Giorgio Napolitano von Sozialdemokraten, Berlusconis faschistoider PdL und Lega-Rassisten als Präsident wiedergewählt

Das abgekartete Spiel demonstriert Zerfall von Mitte Links und Verschärfung der Rechtswende

von Gerhard Feldbauer, 22. April 2013



Nachdem in den ersten fünf Wahlgängen alle Kandidaten scheiterten, ist am Sonnabend der bisherige Amtsinhaber, Georgio Napolitano mit 738 von 1007 Stimmen als Staatspräsident Italiens wiedergewählt worden. Er hat am Montag bereits seinen Amtseid abgelegt. Der seit 2006 amtierende 87jährige Napolitano, der zunächst eine zweite Amtszeit abgelehnt hatte, wird in verdächtiger Einmütigkeit von der Demokratischen Partei (PD) bis zur faschistoiden Partei Volk der Freiheit (PdL) Berlusconis als Retter aus der Krise gefeiert. Von Papst Franziskus über EU-Chef Barosso bis US-Präsident Obama sind alle des Lobes voll. In Wirklichkeit kommt ein Politiker - der wahrscheinlich bald zurücktreten wird - ans Staatsruder, der seine Demokraten und damit das von ihnen angeführte Mitte Links-Bündnis in das jetzige Scheitern mehrerer ihrer Kandidaten zur Wahl des Staatschefs wie vorher bei der Regierungsbildung manövriert hat.

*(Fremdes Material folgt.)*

text \<open>
  An entanglement witness is exactly a Hermitian matrix whose quadratic form is nonnegative on
  product vectors a (x) b (block positivity) and negative somewhere: separable states are
  mixtures of projections onto product vectors, and a negative vector normalises to a detected
  pure state. A local projection W' = K W K^dagger with K = U (x) V has quadratic form
  v |-> <K^dagger v, W K^dagger v>, and K^dagger sends product vectors to product vectors, so
  block positivity survives every local projection.

  (i) A negative vector of a witness on C^2 (x) C^n has the form e_0 (x) f_0 + e_1 (x) f_1.
  Projecting the second factor with the matrix V whose rows are the conjugates of f_0 and f_1
  gives a block-positive 2 x 2 matrix which is negative on e_0 (x) e_0 + e_1 (x) e_1.

  (ii) The quadratic form of rho^Gamma at a (x) b is that of rho at conj a (x) b, so rho^Gamma is
  block positive; it is not positive since rho is NPT. Local projection commutes with partial
  transposition once U is replaced by its entrywise conjugate, so 1-undistillability makes every
  projection of rho^Gamma onto C^2 (x) C^n positive semidefinite, hence not a witness.

  (iii) By the same commutation a decomposition W = X^Gamma + Y is carried to a decomposition of
  any local projection of W.
\<close>

lemma sum_lessThan_mult:
  "(\<Sum>i<m*n. f i) = (\<Sum>a<m. \<Sum>b<n. (f (a*n+b) :: 'a::comm_monoid_add))" for m n :: nat
proof -
  have "(\<Sum>i<m*n. f i) = (\<Sum>a<m. sum f {a*n..<a*n+n})"
    by (rule sum.nat_group[symmetric])
  also have "\<dots> = (\<Sum>a<m. \<Sum>b<n. f (a*n+b))"
    by (rule sum.cong[OF refl])
      (simp add: sum.atLeastLessThan_shift_0[of _ "x*n" for x] atLeast0LessThan comp_def)
  finally show ?thesis .
qed

lemma sum_swap_pairs:
  "(\<Sum>i\<in>A. \<Sum>j\<in>B. \<Sum>k\<in>C. \<Sum>l\<in>D. F i j k l)
   = (\<Sum>k\<in>C. \<Sum>l\<in>D. \<Sum>i\<in>A. \<Sum>j\<in>B. F i j k l)"
proof -
  have "(\<Sum>i\<in>A. \<Sum>j\<in>B. \<Sum>k\<in>C. \<Sum>l\<in>D. F i j k l)
      = (\<Sum>i\<in>A. \<Sum>k\<in>C. \<Sum>j\<in>B. \<Sum>l\<in>D. F i j k l)"
    by (rule sum.cong[OF refl], rule sum.swap)
  also have "\<dots> = (\<Sum>k\<in>C. \<Sum>i\<in>A. \<Sum>j\<in>B. \<Sum>l\<in>D. F i j k l)"
    by (rule sum.swap)
  also have "\<dots> = (\<Sum>k\<in>C. \<Sum>i\<in>A. \<Sum>l\<in>D. \<Sum>j\<in>B. F i j k l)"
    by (rule sum.cong[OF refl], rule sum.cong[OF refl], rule sum.swap)
  also have "\<dots> = (\<Sum>k\<in>C. \<Sum>l\<in>D. \<Sum>i\<in>A. \<Sum>j\<in>B. F i j k l)"
    by (rule sum.cong[OF refl], rule sum.swap)
  finally show ?thesis .
qed

lemma sum4_swap_first_third:
  "(\<Sum>a<m. \<Sum>b<n. \<Sum>c<m. \<Sum>d<n. F a b c d)
   = (\<Sum>a<m. \<Sum>b<n. \<Sum>c<m. \<Sum>d<n. (F c b a d :: 'a::comm_monoid_add))"
proof -
  have "(\<Sum>a<m. \<Sum>b<n. \<Sum>c<m. \<Sum>d<n. F a b c d) = (\<Sum>a<m. \<Sum>c<m. \<Sum>b<n. \<Sum>d<n. F a b c d)"
    by (rule sum.cong[OF refl], rule sum.swap)
  also have "\<dots> = (\<Sum>c<m. \<Sum>a<m. \<Sum>b<n. \<Sum>d<n. F a b c d)"
    by (rule sum.swap)
  also have "\<dots> = (\<Sum>c<m. \<Sum>b<n. \<Sum>a<m. \<Sum>d<n. F a b c d)"
    by (rule sum.cong[OF refl], rule sum.swap)
  finally show ?thesis .
qed

lemma index_pair_less:
  assumes "a < m" "b < n"
  shows "a*n+b < m*(n::nat)"
proof -
  have "a*n+b < (a+1)*n" using assms by simp
  also have "\<dots> \<le> m*n" using assms by (intro mult_right_mono) auto
  finally show ?thesis .
qed

lemma index_div_less: "i < m*n \<Longrightarrow> i div n < (m::nat)"
  by (simp add: less_mult_imp_div_less)

lemma index_mod_less: "i < m*n \<Longrightarrow> i mod n < (n::nat)"
  by (cases n) auto

lemma index_mult_mat_sum:
  "A \<in> carrier_mat a b \<Longrightarrow> B \<in> carrier_mat b c \<Longrightarrow> i < a \<Longrightarrow> j < c \<Longrightarrow>
   (A * B) $$ (i,j) = (\<Sum>k<b. A $$ (i,k) * B $$ (k,j))"
  by (auto simp: scalar_prod_def lessThan_atLeast0 intro!: sum.cong)

lemma mtrace_mult:
  assumes "A \<in> carrier_mat d d" "B \<in> carrier_mat d d"
  shows "mtrace (A * B) = (\<Sum>i<d. \<Sum>k<d. A $$ (i,k) * B $$ (k,i))"
proof -
  have "mtrace (A * B) = (\<Sum>i<d. (A * B) $$ (i,i))"
    unfolding mtrace_def using assms(1) by simp
  then show ?thesis
    using assms by (simp del: index_mult_mat add: index_mult_mat_sum)
qed

lemma adj_carrier: "A \<in> carrier_mat a b \<Longrightarrow> adj A \<in> carrier_mat b a"
  unfolding adj_def by auto

lemma index_adj: "A \<in> carrier_mat a b \<Longrightarrow> i < b \<Longrightarrow> j < a \<Longrightarrow> adj A $$ (i,j) = cnj (A $$ (j,i))"
  unfolding adj_def by auto

lemma hermitian_iff_entries:
  assumes A: "A \<in> carrier_mat d d"
  shows "hermitian A \<longleftrightarrow> (\<forall>i<d. \<forall>j<d. A $$ (i,j) = cnj (A $$ (j,i)))"
proof
  assume h: "hermitian A"
  show "\<forall>i<d. \<forall>j<d. A $$ (i,j) = cnj (A $$ (j,i))"
  proof (intro allI impI)
    fix i j assume ij: "i < d" "j < d"
    have "A $$ (i,j) = adj A $$ (i,j)"
      using h unfolding hermitian_def by (rule arg_cong[of _ _ "\<lambda>M. M $$ (i,j)"])
    also have "\<dots> = cnj (A $$ (j,i))" by (rule index_adj[OF A ij])
    finally show "A $$ (i,j) = cnj (A $$ (j,i))" .
  qed
next
  assume entries: "\<forall>i<d. \<forall>j<d. A $$ (i,j) = cnj (A $$ (j,i))"
  show "hermitian A"
    unfolding hermitian_def
  proof (rule eq_matI)
    fix i j assume "i < dim_row (adj A)" "j < dim_col (adj A)"
    then have ij: "i < d" "j < d" using adj_carrier[OF A] by auto
    show "A $$ (i,j) = adj A $$ (i,j)" unfolding index_adj[OF A ij] using entries ij by blast
  qed (use A adj_carrier[OF A] in auto)
qed

lemma congruence_carrier:
  "K \<in> carrier_mat e d \<Longrightarrow> H \<in> carrier_mat d d \<Longrightarrow> K * H * adj K \<in> carrier_mat e e"
  using adj_carrier[of K e d] by auto

lemma index_congruence:
  assumes K: "K \<in> carrier_mat e d" and H: "H \<in> carrier_mat d d" and ij: "i < e" "j < e"
  shows "(K * H * adj K) $$ (i,j) = (\<Sum>k<d. \<Sum>l<d. K $$ (i,k) * H $$ (k,l) * cnj (K $$ (j,l)))"
proof -
  have "(K * H * adj K) $$ (i,j) = (\<Sum>l<d. (K * H) $$ (i,l) * adj K $$ (l,j))"
    using K H ij adj_carrier[OF K] by (intro index_mult_mat_sum) auto
  also have "\<dots> = (\<Sum>l<d. (\<Sum>k<d. K $$ (i,k) * H $$ (k,l)) * cnj (K $$ (j,l)))"
    using K H ij by (intro sum.cong refl) (simp del: index_mult_mat add: index_mult_mat_sum index_adj)
  also have "\<dots> = (\<Sum>l<d. \<Sum>k<d. K $$ (i,k) * H $$ (k,l) * cnj (K $$ (j,l)))"
    by (simp add: sum_distrib_right)
  also have "\<dots> = (\<Sum>k<d. \<Sum>l<d. K $$ (i,k) * H $$ (k,l) * cnj (K $$ (j,l)))"
    by (rule sum.swap)
  finally show ?thesis .
qed

lemma kron_carrier:
  "A \<in> carrier_mat p m \<Longrightarrow> B \<in> carrier_mat q n \<Longrightarrow> kron A B \<in> carrier_mat (p*q) (m*n)"
  unfolding kron_def by auto

lemma index_kron:
  "A \<in> carrier_mat p m \<Longrightarrow> B \<in> carrier_mat q n \<Longrightarrow> i < p*q \<Longrightarrow> j < m*n \<Longrightarrow>
   kron A B $$ (i,j) = A $$ (i div q, j div n) * B $$ (i mod q, j mod n)"
  unfolding kron_def by auto

section \<open>Quadratic forms\<close>

definition quad_form :: "nat \<Rightarrow> complex mat \<Rightarrow> (nat \<Rightarrow> complex) \<Rightarrow> complex" where
  "quad_form d M f = (\<Sum>i<d. \<Sum>j<d. cnj (f i) * M $$ (i,j) * f j)"

lemma quad_form_cong: "(\<And>i. i < d \<Longrightarrow> f i = g i) \<Longrightarrow> quad_form d M f = quad_form d M g"
  unfolding quad_form_def by (auto intro!: sum.cong)

lemma quad_form_zero: "(\<And>i. i < d \<Longrightarrow> f i = 0) \<Longrightarrow> quad_form d M f = 0"
  unfolding quad_form_def by simp

lemma quad_form_scale:
  "quad_form d M (\<lambda>i. complex_of_real t * f i) = complex_of_real (t\<^sup>2) * quad_form d M f"
  unfolding quad_form_def by (simp add: sum_distrib_left algebra_simps power2_eq_square)

lemma quad_form_support:
  assumes S: "S \<subseteq> {..<d}" and f: "\<And>k. k \<notin> S \<Longrightarrow> f k = 0"
  shows "quad_form d M f = (\<Sum>a\<in>S. \<Sum>b\<in>S. cnj (f a) * M $$ (a,b) * f b)"
proof -
  have "quad_form d M f = (\<Sum>a<d. \<Sum>b\<in>S. cnj (f a) * M $$ (a,b) * f b)"
    unfolding quad_form_def using S f by (intro sum.cong refl sum.mono_neutral_right) auto
  also have "\<dots> = (\<Sum>a\<in>S. \<Sum>b\<in>S. cnj (f a) * M $$ (a,b) * f b)"
    using S f by (intro sum.mono_neutral_right) auto
  finally show ?thesis .
qed

lemma quad_form_single_support:
  "i < d \<Longrightarrow> (\<And>k. k \<noteq> i \<Longrightarrow> f k = 0) \<Longrightarrow> quad_form d M f = cnj (f i) * M $$ (i,i) * f i"
  by (subst quad_form_support[of "{i}"]) auto

lemma quad_form_two_support:
  assumes "i < d" "j < d" "i \<noteq> j" "\<And>k. k \<noteq> i \<Longrightarrow> k \<noteq> j \<Longrightarrow> f k = 0"
  shows "quad_form d M f = cnj (f i) * M $$ (i,i) * f i + cnj (f i) * M $$ (i,j) * f j
     + cnj (f j) * M $$ (j,i) * f i + cnj (f j) * M $$ (j,j) * f j"
  using assms by (subst quad_form_support[of "{i,j}"]) (auto simp: add.assoc)

lemma quad_form_add_single:
  assumes i: "i < d"
  shows "quad_form d M (\<lambda>k. f k + (if k = i then \<beta> else 0)) = quad_form d M f
     + cnj \<beta> * (\<Sum>l<d. M $$ (i,l) * f l) + (\<Sum>k<d. cnj (f k) * M $$ (k,i)) * \<beta>
     + cnj \<beta> * M $$ (i,i) * \<beta>"
proof -
  define h where "h = (\<lambda>k. if k = i then \<beta> else 0)"
  have expand: "cnj (f k + h k) * M $$ (k,l) * (f l + h l) = cnj (f k) * M $$ (k,l) * f l
      + cnj (f k) * M $$ (k,l) * h l + cnj (h k) * M $$ (k,l) * f l + cnj (h k) * M $$ (k,l) * h l"
    for k l by (simp add: algebra_simps)
  have "quad_form d M (\<lambda>k. f k + h k) = quad_form d M f
     + (\<Sum>k<d. \<Sum>l<d. cnj (f k) * M $$ (k,l) * h l)
     + (\<Sum>k<d. \<Sum>l<d. cnj (h k) * M $$ (k,l) * f l) + quad_form d M h"
    unfolding quad_form_def by (simp only: expand sum.distrib)
  also have "(\<Sum>k<d. \<Sum>l<d. cnj (f k) * M $$ (k,l) * h l) = (\<Sum>k<d. cnj (f k) * M $$ (k,i)) * \<beta>"
    unfolding h_def sum_distrib_right using i by (intro sum.cong refl) (simp add: if_distrib cong: if_cong)
  also have "(\<Sum>k<d. \<Sum>l<d. cnj (h k) * M $$ (k,l) * f l) = cnj \<beta> * (\<Sum>l<d. M $$ (i,l) * f l)"
  proof -
    have "(\<Sum>k<d. \<Sum>l<d. cnj (h k) * M $$ (k,l) * f l) = (\<Sum>k<d. cnj (h k) * (\<Sum>l<d. M $$ (k,l) * f l))"
      by (simp add: sum_distrib_left mult.assoc)
    also have "\<dots> = (\<Sum>k<d. if k = i then cnj \<beta> * (\<Sum>l<d. M $$ (k,l) * f l) else 0)"
      unfolding h_def by (intro sum.cong) auto
    finally show ?thesis using i by simp
  qed
  also have "quad_form d M h = cnj \<beta> * M $$ (i,i) * \<beta>"
    using i by (subst quad_form_single_support[of i]) (auto simp: h_def)
  finally show ?thesis unfolding h_def by (simp add: algebra_simps)
qed

lemma hermitian_iff_quad_form_real:
  assumes M: "M \<in> carrier_mat d d"
  shows "hermitian M \<longleftrightarrow> (\<forall>f. Im (quad_form d M f) = 0)"
proof
  assume "hermitian M"
  then have H: "\<forall>i<d. \<forall>j<d. M $$ (i,j) = cnj (M $$ (j,i))"
    using hermitian_iff_entries[OF M] by blast
  show "\<forall>f. Im (quad_form d M f) = 0"
  proof
    fix f
    have "cnj (quad_form d M f) = (\<Sum>i<d. \<Sum>j<d. f i * cnj (M $$ (i,j)) * cnj (f j))"
      by (simp only: quad_form_def cnj_sum complex_cnj_mult complex_cnj_cnj)
    also have "\<dots> = (\<Sum>i<d. \<Sum>j<d. cnj (f j) * M $$ (j,i) * f i)"
    proof (intro sum.cong refl)
      fix i j assume "i \<in> {..<d}" "j \<in> {..<d}"
      then have "M $$ (j,i) = cnj (M $$ (i,j))" using H by blast
      then show "f i * cnj (M $$ (i,j)) * cnj (f j) = cnj (f j) * M $$ (j,i) * f i" by simp
    qed
    also have "\<dots> = quad_form d M f" unfolding quad_form_def by (rule sum.swap)
    finally show "Im (quad_form d M f) = 0" by (metis Reals_cnj_iff complex_is_Real_iff)
  qed
next
  assume real: "\<forall>f. Im (quad_form d M f) = 0"
  have diag: "Im (M $$ (i,i)) = 0" if "i < d" for i
    using real[rule_format, of "\<lambda>k. if k = i then 1 else 0"]
    by (subst (asm) quad_form_single_support[OF that]) auto
  show "hermitian M" unfolding hermitian_iff_entries[OF M]
  proof (intro allI impI)
    fix i j assume ij: "i < d" "j < d"
    show "M $$ (i,j) = cnj (M $$ (j,i))"
    proof (cases "i = j")
      case True
      then show ?thesis using diag[OF ij(1)] by (simp add: complex_eq_iff)
    next
      case False
      have "Im (M $$ (i,i) + M $$ (i,j) + M $$ (j,i) + M $$ (j,j)) = 0"
        using real[rule_format, of "\<lambda>k. if k = i then 1 else if k = j then 1 else 0"]
        by (subst (asm) quad_form_two_support[OF ij False]) (use False in auto)
      moreover have "Im (M $$ (i,i) + \<i> * M $$ (i,j) - \<i> * M $$ (j,i) + M $$ (j,j)) = 0"
        using real[rule_format, of "\<lambda>k. if k = i then 1 else if k = j then \<i> else 0"]
        by (subst (asm) quad_form_two_support[OF ij False]) (use False in \<open>auto simp: algebra_simps\<close>)
      ultimately show ?thesis using diag ij by (simp add: complex_eq_iff)
    qed
  qed
qed

lemma psd_iff_quad_form:
  "psd d M \<longleftrightarrow> M \<in> carrier_mat d d \<and> (\<forall>f. Im (quad_form d M f) = 0 \<and> 0 \<le> Re (quad_form d M f))"
proof -
  have "quad_form d M (\<lambda>i. v $ i) = (\<Sum>i<d. \<Sum>j<d. cnj (v $ i) * M $$ (i,j) * v $ j)" for v
    unfolding quad_form_def ..
  moreover have "quad_form d M f = quad_form d M (\<lambda>i. vec d f $ i)" for f
    by (rule quad_form_cong) simp
  ultimately show ?thesis
    unfolding psd_def Let_def by (metis vec_carrier)
qed

lemma psd_iff_hermitian_nonneg:
  "psd d M \<longleftrightarrow> M \<in> carrier_mat d d \<and> hermitian M \<and> (\<forall>f. 0 \<le> Re (quad_form d M f))"
  using psd_iff_quad_form hermitian_iff_quad_form_real by blast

Wie kaum bei einem anderen ehemaligen linken Politiker ist der Werdegang Napolitanos von Anpassung an die Macht des Kapitals geprägt. Seit 1966 Mitglied des Politbüros der PCI wurde er zum führenden Vertreter der Revisionisten, die die Partei 1991 mit der Umwandlung in die Linkspartei PDS liquidierten. Später Parlamentspräsident, mehrfach Minister, 2005 Senator auf Lebenszeit, 2006 Staatspräsident, beförderte er 2007 auch die Beseitigung der Linkspartei durch ihre Vereinigung mit dem katholischen Zentrum zur heutigen PD mit sozialdemokratischem Aushängeschild. Als die Linke beim Sturz Berlusconis 2011 Auftrieb erhielt und sofortige Neuwahlen forderte, die ihr und Mitte Links einen Sieg hätten bringen können, lehnte Napolitano ab und setzte stattdessen den von Brüssel und Berlin favorisierten ehemaligen EU-Kommissar Mario Monti als Übergangspremier ein. Das verschaffte der extremen Rechten mit Berlusconi an der Spitze ein Comeback und damit bei den Parlamentswahlen im Februar 2013 den zweiten Platz hinter Mitte Links. Dies führte zum Patt und dem Scheitern einer Regierungsbildung.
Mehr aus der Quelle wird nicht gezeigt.